Violencia, la ideología (que Bacon llamaba un “fantasma de teatro”). Lo que lo atrajo es menos

el signo que la señal, que el cartel: la ciencia que deseaba no era una semiología, era una

señaléctica.

Al no creer en la separación del afecto y del signo, de la emoción y su teatro, no podía expresar

una admiración, una indignación, un amor, por temor de significarlo mal. Así, mientras más

emocionado estaba, más apagado parecía. Su “serenidad” no era más que la constricción de un

actor que no se atreve a entrar en escena por miedo de actuar demasiado mal.
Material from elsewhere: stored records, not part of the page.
lemma trig_ridge_Ckap: "trig_ridge i w a b \<theta> 0 \<theta>' \<in> Ckap k"
  unfolding Ckap_def
proof (intro CollectI conjI allI impI trig_ridge_Ckb)
  fix e :: real
  assume "e > 0"
  define W where "W = \<bar>b\<bar> * (max 1 \<bar>w\<bar>) ^ k"
  have "W \<ge> 0"
    by (simp add: W_def)
  have dist_le: "cnorm k (\<lambda>x. trig_ridge i w a b \<theta> 0 \<theta>' (x + c) - trig_ridge i w a b \<theta> 0 \<theta>' (x + d))
      \<le> W * \<bar>w * c$i - w * d$i - 2 * pi * of_int q\<bar>" for c d q
    using cnorm_trig_ridge_diff_le[of k i w b "\<theta> + w * c$i" "\<theta> + w * d$i" q]
    unfolding trig_ridge_translate W_def by simp
  show "\<exists>C. finite C \<and> (\<forall>c. \<exists>d\<in>C. cnorm k (\<lambda>x. trig_ridge i w a b \<theta> 0 \<theta>' (x + c) - trig_ridge i w a b \<theta> 0 \<theta>' (x + d)) < e)"
  proof (cases "w = 0")
    case True
    have "cnorm k (\<lambda>x. trig_ridge i w a b \<theta> 0 \<theta>' (x + c) - trig_ridge i w a b \<theta> 0 \<theta>' (x + 0)) < e" for c
      using le_less_trans[OF dist_le[of c 0 0]] True \<open>e > 0\<close> by simp
    then show ?thesis
      by (intro exI[of _ "{0}"]) auto
  next
    case False
    obtain n :: nat where "W * 2 * pi / e < real n"
      using reals_Archimedean2 by blast
    then have "W * (2 * pi / real (Suc n)) < e"
      using \<open>e > 0\<close> \<open>W \<ge> 0\<close> by (simp add: field_simps)
    then obtain M :: nat where "M > 0" "W * (2 * pi / real M) < e"
      by blast
    have "\<exists>d\<in>C. cnorm k (\<lambda>x. trig_ridge i w a b \<theta> 0 \<theta>' (x + c) - trig_ridge i w a b \<theta> 0 \<theta>' (x + d)) < e"
      if C: "C = (\<lambda>j. (2 * pi * real j / (w * real M)) *\<^sub>R (axis i 1 :: real^'a)) ` {..<M}" for C c
    proof -
      obtain d q where "d \<in> C" and q: "\<bar>w * c$i - w * d$i - 2 * pi * of_int q\<bar> \<le> 2 * pi / real M"
        using axis_grid_approx[OF False \<open>M > 0\<close>, of i c] unfolding C by blast
      have "cnorm k (\<lambda>x. trig_ridge i w a b \<theta> 0 \<theta>' (x + c) - trig_ridge i w a b \<theta> 0 \<theta>' (x + d))
          \<le> W * (2 * pi / real M)"
        using order_trans[OF dist_le mult_left_mono[OF q \<open>W \<ge> 0\<close>]] .
      then show ?thesis
        using \<open>d \<in> C\<close> \<open>W * (2 * pi / real M) < e\<close> by force
    qed
    then show ?thesis
      by blast
  qed
qed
Incapaz de volverse convincente, es sin embargo la convicción misma del otro la que lo

convierte en un ser de teatro y lo fascina. Exige al actor que le muestre un cuerpo convencido,

antes que una pasión verdadera. He aquí, quizás, la mejor escena de teatro que haya visto: en el

coche-comedor belga, unos empleados (de aduana, de policía) se han puesto a la mesa en un

rincón; comen con tanto apetito, comodidad y cuidado (escogiendo las especias, los retazos, los

cubiertos apropiados, prefiriendo de un vistazo certero el asado al viejo pollo rancio), con

modales tan bien aplicados a la comida (limpiando cuidadosamente su pescado de la dudosa

salsa, toqueteando su yogurt para quitarle la tapa, raspando su queso en lugar de pelarlo,

sirviéndose de su cuchillo de pelar manzanas como de un escalpelo), que todo el servicio Cook

se ha visto subvertido: han comido lo mismo que nosotros, pero no era el mismo menú. Todo

había cambiado entonces, de punta a cabo en el vagón, gracias al mero efecto de una convicción

(relación del cuerpo no con la pasión ni con el alma, sino con el goce). [187-188]

[…]

El monstruo de la totalidad

“Que se imagine (si es posible) a una mujer cubierta con un vestido sin fin, urdido con todo lo

que dice la revista de Moda…” (SM, 943, II). Esta imaginación, aparentemente metódica, pues

no hace sino poner en obra una noción operatoria del análisis semántico (el “texto sin fin”),

busca discretamente denunciar el monstruo de la Totalidad (la Totalidad como monstruo). La

Totalidad, a la vez hace reír y da miedo: como la violencia, ¿no sería siempre grotesca (y por lo

tanto sólo recuperable en una estética del Carnaval)?

Otro discurso: este 6 de agosto, en el campo, es la mañana de un día espléndido: sol, calor,

flores, silencio, calma, resplandor. Nada merodea, ni el deseo, ni la agresión; sólo está ahí el

trabajo, delante de mí, como una especie de ser universal: todo está pleno. ¿Sería entonces eso,

la Naturaleza? ¿Una ausencia… de lo demás? ¿La Totalidad?